● Stored data entries:
______________________________

(* Let $R$ be a commutative domain with unit, let $f\in R$ be nonzero and non-invertible, and let $S=R[u,v]/(uv-f)$, with $R$ regarded as a subring of $S$. Let $a\in R$. Then: (i) if $a$ is irreducible in $S$, then $a$ is irreducible in $R$; (ii) if $a$ is irreducible in $R$ and not associated with $f$ in $R$, then $a$ is irreducible in $S$. *)

theory Defs
  imports "HOL-Algebra.Algebra"
begin

text \<open>The polynomial ring R[u,v], realised as (R[u])[v] via the univariate
  polynomial construction of HOL-Algebra.\<close>

abbreviation Ruv :: "('a, 'm) ring_scheme \<Rightarrow> (nat \<Rightarrow> 'a, nat \<Rightarrow> nat \<Rightarrow> 'a) up_ring"
  where "Ruv R \<equiv> UP (UP R)"

definition const_uv :: "('a, 'm) ring_scheme \<Rightarrow> 'a \<Rightarrow> nat \<Rightarrow> nat \<Rightarrow> 'a"
  where "const_uv R a = monom (Ruv R) (monom (UP R) a 0) 0"

definition var_u :: "('a, 'm) ring_scheme \<Rightarrow> nat \<Rightarrow> nat \<Rightarrow> 'a"
  where "var_u R = monom (Ruv R) (monom (UP R) \<one>\<^bsub>R\<^esub> 1) 0"

definition var_v :: "('a, 'm) ring_scheme \<Rightarrow> nat \<Rightarrow> nat \<Rightarrow> 'a"
  where "var_v R = monom (Ruv R) \<one>\<^bsub>UP R\<^esub> 1"

definition uv_ideal :: "('a, 'm) ring_scheme \<Rightarrow> 'a \<Rightarrow> (nat \<Rightarrow> nat \<Rightarrow> 'a) set"
  where "uv_ideal R f =
     PIdl\<^bsub>Ruv R\<^esub> (var_u R \<otimes>\<^bsub>Ruv R\<^esub> var_v R \<ominus>\<^bsub>Ruv R\<^esub> const_uv R f)"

______________________________

● Task brief: Using the data above, return every line that contains the string "monom".

● Reply to the exercise:
  where "const_uv R a = monom (Ruv R) (monom (UP R) a 0) 0"
  where "var_u R = monom (Ruv R) (monom (UP R) \<one>\<^bsub>R\<^esub> 1) 0"
  where "var_v R = monom (Ruv R) \<one>\<^bsub>UP R\<^esub> 1"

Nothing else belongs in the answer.